O volume é baixo em relação ao total de novas ações trabalhistas (2,7 milhões). Para o juiz do trabalho do Tribunal Regional do Trabalho da 4ª Região (RS) Cesar Zucatti Pritsch, que aborda o tema em um trabalho que analisa o litígio por discriminação laboral no Brasil e nos Estados Unidos, há algumas hipóteses que explicam o baixo litígio por discriminação. Entre eles, a dificuldade na obtenção de provas, “ainda mais quando a discriminação é frequentemente sutil, com aparência de legalidade”. Outro fator está relacionado às limitações das leis e à “jurisprudência tímida quanto ao tema”.
Desafios para a Justiça
O Conselho Nacional de Justiça (CNJ) desenvolveu o Protocolo para Julgamento com Perspectiva de Gênero, a fim de orientar a magistratura em casos concretos sob a lente de gênero, para avançar na efetivação da igualdade e nas políticas de equidade. O documento pontua desigualdades, discriminações, assédios, violências e questões relacionadas à segurança e à medicina do trabalho que requerem um olhar sob a perspectiva de gênero.

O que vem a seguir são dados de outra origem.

(* The easy half of Courant-Fischer; x is taken in the span of the top m+1 eigenvectors. *)
lemma hermitian_exists_orthogonal_rayleigh:
  fixes f :: "nat \<Rightarrow> nat \<Rightarrow> complex"
  assumes C: "C \<in> carrier_mat n n" "hermitian C" and m: "m < n"
  obtains x where "0 < sqnorm n x" "\<forall>r<m. cinner n (f r) x = 0"
    "eig (Suc m) C * sqnorm n x \<le> Re (quad_form n C x)"
proof -
  obtain W where W: "eigendecomp n C W (\<lambda>i. eig (Suc i) C)" using hermitian_eigendecomp[OF C] .
  obtain g where g: "\<exists>l\<le>m. g l \<noteq> 0" "\<forall>l>m. g l = 0"
    and orth: "\<forall>r<m. cinner n (f r) (\<lambda>q. \<Sum>l<n. g l * W $$ (q, l)) = 0"
    by (rule exists_nonzero_combination_orthogonal[OF m])
  have "0 < sqnorm n (\<lambda>q. \<Sum>l<n. g l * W $$ (q, l))"
  proof -
    obtain l where l: "l \<le> m" "g l \<noteq> 0" using g(1) by blast
    have "0 < (\<Sum>l<n. (cmod (g l))\<^sup>2)" using l m by (intro sum_pos2[of _ l]) auto
    then show ?thesis using W unfolding eigendecomp_def by (simp add: sqnorm_unitary_combination)
  qed
  moreover have "eig (Suc m) C * sqnorm n (\<lambda>q. \<Sum>l<n. g l * W $$ (q, l))
      \<le> Re (quad_form n C (\<lambda>q. \<Sum>l<n. g l * W $$ (q, l)))"
    by (rule eigendecomp_rayleigh_lower_bound[OF W eig_antimono[OF C(1)] m g(2)])
  ultimately show ?thesis using orth that by blast
qed

section \<open>Hadamard products\<close>

lemma hadamard_carrier: "A \<in> carrier_mat n n \<Longrightarrow> hadamard A B \<in> carrier_mat n n"
  unfolding hadamard_def by auto

lemma hermitian_hadamard:
  assumes A: "A \<in> carrier_mat n n" "hermitian A" and B: "B \<in> carrier_mat n n" "hermitian B"
  shows "hermitian (hadamard A B)"
proof -
  have sym: "cnj (M $$ (j, i)) = M $$ (i, j)"
    if "M \<in> carrier_mat n n" "hermitian M" "i < n" "j < n" for M i j
  proof -
    have "mat_adjoint M $$ (i, j) = M $$ (i, j)" using that(2) unfolding hermitian_def by simp
    then show ?thesis using that(1,3,4) by simp
  qed
  have "mat_adjoint (hadamard A B) = hadamard A B"
    using A(1) B(1) sym[OF A] sym[OF B] by (intro eq_matI) (auto simp: hadamard_def)
  moreover have "hadamard A B \<in> carrier_mat n n" using A(1) by (rule hadamard_carrier)
  ultimately show ?thesis unfolding hermitian_def by auto
qed

lemma quad_form_hadamard:
  assumes A: "A \<in> carrier_mat n n" and U: "eigendecomp n A U a" and V: "eigendecomp n B V b"
  shows "quad_form n (hadamard A B) x = of_real (\<Sum>(i, j)\<in>{..<n} \<times> {..<n}.
    a i * b j * (cmod (cinner n (\<lambda>q. U $$ (q, i) * V $$ (q, j)) x))\<^sup>2)"
proof -
  have "hadamard A B $$ (p, q) = (\<Sum>t\<in>{..<n} \<times> {..<n}. of_real (a (fst t) * b (snd t)) *
      (U $$ (p, fst t) * V $$ (p, snd t)) * cnj (U $$ (q, fst t) * V $$ (q, snd t)))"
    if "p < n" "q < n" for p q
  proof -
    have "hadamard A B $$ (p, q) = (\<Sum>i<n. of_real (a i) * U $$ (p, i) * cnj (U $$ (q, i)))
        * (\<Sum>j<n. of_real (b j) * V $$ (p, j) * cnj (V $$ (q, j)))"
      using that A U V by (simp add: hadamard_def eigendecomp_def)
    also have "\<dots> = (\<Sum>t\<in>{..<n} \<times> {..<n}. of_real (a (fst t) * b (snd t)) *
        (U $$ (p, fst t) * V $$ (p, snd t)) * cnj (U $$ (q, fst t) * V $$ (q, snd t)))"
      by (simp add: sum_product sum.cartesian_product split_def mult_ac)
    finally show ?thesis .
  qed
  then have "quad_form n (hadamard A B) x = of_real (\<Sum>t\<in>{..<n} \<times> {..<n}. a (fst t) * b (snd t) *
      (cmod (cinner n (\<lambda>q. U $$ (q, fst t) * V $$ (q, snd t)) x))\<^sup>2)"
    by (intro quad_form_rank_one_sum) blast
  then show ?thesis by (simp add: split_def)
qed

lemma sum_sq_cinner_hadamard_le:
  assumes U: "unitary n U" and V: "unitary n V" and j: "j < n"
  shows "(\<Sum>i<n. (cmod (cinner n (\<lambda>q. U $$ (q, i) * V $$ (q, j)) x))\<^sup>2) \<le> sqnorm n x"
proof -
  have "(\<Sum>i<n. (cmod (cinner n (\<lambda>q. U $$ (q, i) * V $$ (q, j)) x))\<^sup>2)
      = (\<Sum>i<n. (cmod (cinner n (\<lambda>q. U $$ (q, i)) (\<lambda>q. cnj (V $$ (q, j)) * x q)))\<^sup>2)"
    by (simp add: cinner_def mult.assoc)
  also have "\<dots> = (\<Sum>q<n. (cmod (V $$ (q, j)))\<^sup>2 * (cmod (x q))\<^sup>2)"
    by (simp add: unitary_parseval[OF U] sqnorm_def norm_mult power_mult_distrib)
  also have "\<dots> \<le> (\<Sum>q<n. 1 * (cmod (x q))\<^sup>2)"
    by (intro sum_mono mult_right_mono unitary_entry_sq_le_1[OF V _ j]) auto
  finally show ?thesis by (simp add: sqnorm_def)
qed

lemma mult_le_tail_terms:
  fixes ai a0 bj b0 z :: real
  assumes "0 \<le> ai" "ai \<le> a0" "0 \<le> bj" "bj \<le> b0" "0 \<le> z" and "\<not> P \<Longrightarrow> \<not> Q \<Longrightarrow> z = 0"
  shows "ai * bj * z \<le> (if Q then a0 * bj * z else 0) + (if P then b0 * ai * z else 0)"
proof (cases Q)
  case True
  have "ai * bj * z \<le> a0 * bj * z" using assms(1-5) by (intro mult_right_mono) auto
  moreover have "0 \<le> b0 * ai * z" using assms(1-5) by simp
  ultimately show ?thesis using True by simp
next
  case False
  then show ?thesis
    using assms by (cases P) (auto simp: mult.commute mult_right_mono mult_left_mono)
qed

lemma weighted_sum_sq_cinner_hadamard_le:
  fixes a b :: "nat \<Rightarrow> real"
  assumes U: "unitary n U" and V: "unitary n V"
    and a: "\<And>i. i < n \<Longrightarrow> 0 \<le> a i \<and> a i \<le> a 0" and b: "\<And>j. j < n \<Longrightarrow> 0 \<le> b j \<and> b j \<le> b 0"
    and orth: "\<And>i j. i < k \<Longrightarrow> j < h \<Longrightarrow> cinner n (\<lambda>q. U $$ (q, i) * V $$ (q, j)) x = 0"
  shows "(\<Sum>(i, j)\<in>{..<n} \<times> {..<n}. a i * b j * (cmod (cinner n (\<lambda>q. U $$ (q, i) * V $$ (q, j)) x))\<^sup>2)
    \<le> (a 0 * (\<Sum>j\<in>{h..<n}. b j) + b 0 * (\<Sum>i\<in>{k..<n}. a i)) * sqnorm n x"
proof -
  define Z where "Z i j = (cmod (cinner n (\<lambda>q. U $$ (q, i) * V $$ (q, j)) x))\<^sup>2" for i j
  define X where "X = sqnorm n x"
  have Z0: "0 \<le> Z i j" for i j unfolding Z_def by simp
  have col: "(\<Sum>i<n. Z i j) \<le> X" if "j < n" for j
    unfolding Z_def X_def by (rule sum_sq_cinner_hadamard_le[OF U V that])
  have row: "(\<Sum>j<n. Z i j) \<le> X" if "i < n" for i
    using sum_sq_cinner_hadamard_le[OF V U that, of x] unfolding Z_def X_def by (simp add: mult.commute)
  have pointwise: "a i * b j * Z i j
      \<le> (if h \<le> j then a 0 * b j * Z i j else 0) + (if k \<le> i then b 0 * a i * Z i j else 0)"
    if "i < n" "j < n" for i j
    using a[OF that(1)] b[OF that(2)] Z0 orth[of i j] by (intro mult_le_tail_terms) (auto simp: Z_def)
  define F1 where "F1 i j = (if h \<le> j then a 0 * b j * Z i j else 0)" for i j
  define F2 where "F2 i j = (if k \<le> i then b 0 * a i * Z i j else 0)" for i j
  have restrict: "(\<Sum>j<n. if r \<le> j then f j else 0) = (\<Sum>j\<in>{r..<n}. f j)" for r and f :: "nat \<Rightarrow> real"
    by (rule sum.mono_neutral_cong_right) auto
  have "(\<Sum>(i, j)\<in>{..<n} \<times> {..<n}. a i * b j * Z i j) \<le> (\<Sum>i<n. \<Sum>j<n. F1 i j + F2 i j)"
    unfolding sum.cartesian_product[symmetric] F1_def F2_def by (intro sum_mono pointwise) auto
  also have "\<dots> = (\<Sum>j<n. \<Sum>i<n. F1 i j) + (\<Sum>i<n. \<Sum>j<n. F2 i j)"
    by (simp add: sum.distrib sum.swap[of F1])
  also have "\<dots> = (\<Sum>j<n. if h \<le> j then a 0 * b j * (\<Sum>i<n. Z i j) else 0)
      + (\<Sum>i<n. if k \<le> i then b 0 * a i * (\<Sum>j<n. Z i j) else 0)"
    unfolding F1_def F2_def by (intro arg_cong2[where f = "(+)"] sum.cong refl) (auto simp: sum_distrib_left)
  also have "\<dots> \<le> (\<Sum>j<n. if h \<le> j then a 0 * b j * X else 0) + (\<Sum>i<n. if k \<le> i then b 0 * a i * X else 0)"
    using a b col row by (intro add_mono sum_mono) (auto intro: mult_left_mono)
  also have "\<dots> = (a 0 * (\<Sum>j\<in>{h..<n}. b j) + b 0 * (\<Sum>i\<in>{k..<n}. a i)) * X"
    unfolding restrict by (simp add: sum_distrib_left sum_distrib_right algebra_simps)
  finally show ?thesis unfolding Z_def X_def .
qed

Entre as diretrizes apontadas pelo instrumento, está um conjunto específico para a Justiça do Trabalho. Para o presidente do TST, ministro Lelio Bentes Corrêa, o Protocolo estimula o jurista a “olhar com os olhos de ver”, pois “convida a perceber que nosso jurisdicionado tem gênero, raça, orientação sexual, entre outros marcadores, e que, se formos indiferentes a isso, contribuiremos para a manutenção das estruturas sociais de dominação presentes na sociedade brasileira, que é uma das mais desiguais do mundo”.
Em 2022, foi criado no âmbito do TST e do Conselho Superior da Justiça do Trabalho (CSJT) o Grupo de Trabalho em Estudos de Gênero, Raça e Equidade. Constituído por 12 mulheres (entre magistradas e servidoras) e um juiz, o grupo tem o objetivo de propor políticas e programas institucionais voltados à promoção da equidade e ao enfrentamento das discriminações no âmbito da Justiça do Trabalho.
O Ato Conjunto TST.CSJT.GP 85/2022 leva em conta que a equidade de gênero, de raça e de orientação sexual, entre outros marcadores sociais e identitários, é indispensável ao pleno exercício cidadania e da dignidade humana, princípios fundamentais da República Federativa do Brasil e valores do Estado Democrático de Direito. No mesmo sentido, é dever do Estado a elaboração de projetos e políticas de combate à discriminação.
Lugar de mulher
A construção histórica de que há trabalhos para homens e trabalhos para mulheres é um dos marcadores da divisão sexual do trabalho, que dificulta o acesso de pessoas do gênero feminino a diferentes postos profissionais.
Historicamente, mulheres têm enfrentado essas barreiras em diferentes campos de atuação, ocupado esses espaços e aberto caminhos. No Dia da Mulher, os perfis do TST no Facebook, no Instagram e no Twitter chamam a atenção para algumas das pioneiras que superaram essas barreiras na série “Lugar de mulher é onde ela quiser”.
Já a TV TST, em um conteúdo especial para o Dia da Mulher, conta a história de três mulheres que encararam preconceitos para ocupar diferentes espaços no Tribunal Superior do Trabalho: a ministra Delaíde Miranda Arantes, a juíza auxiliar da Presidência do TST Adriana Melonio e a técnica de sistemas audiovisuais da Coordenadoria de Rádio e TV Rosana Lobato.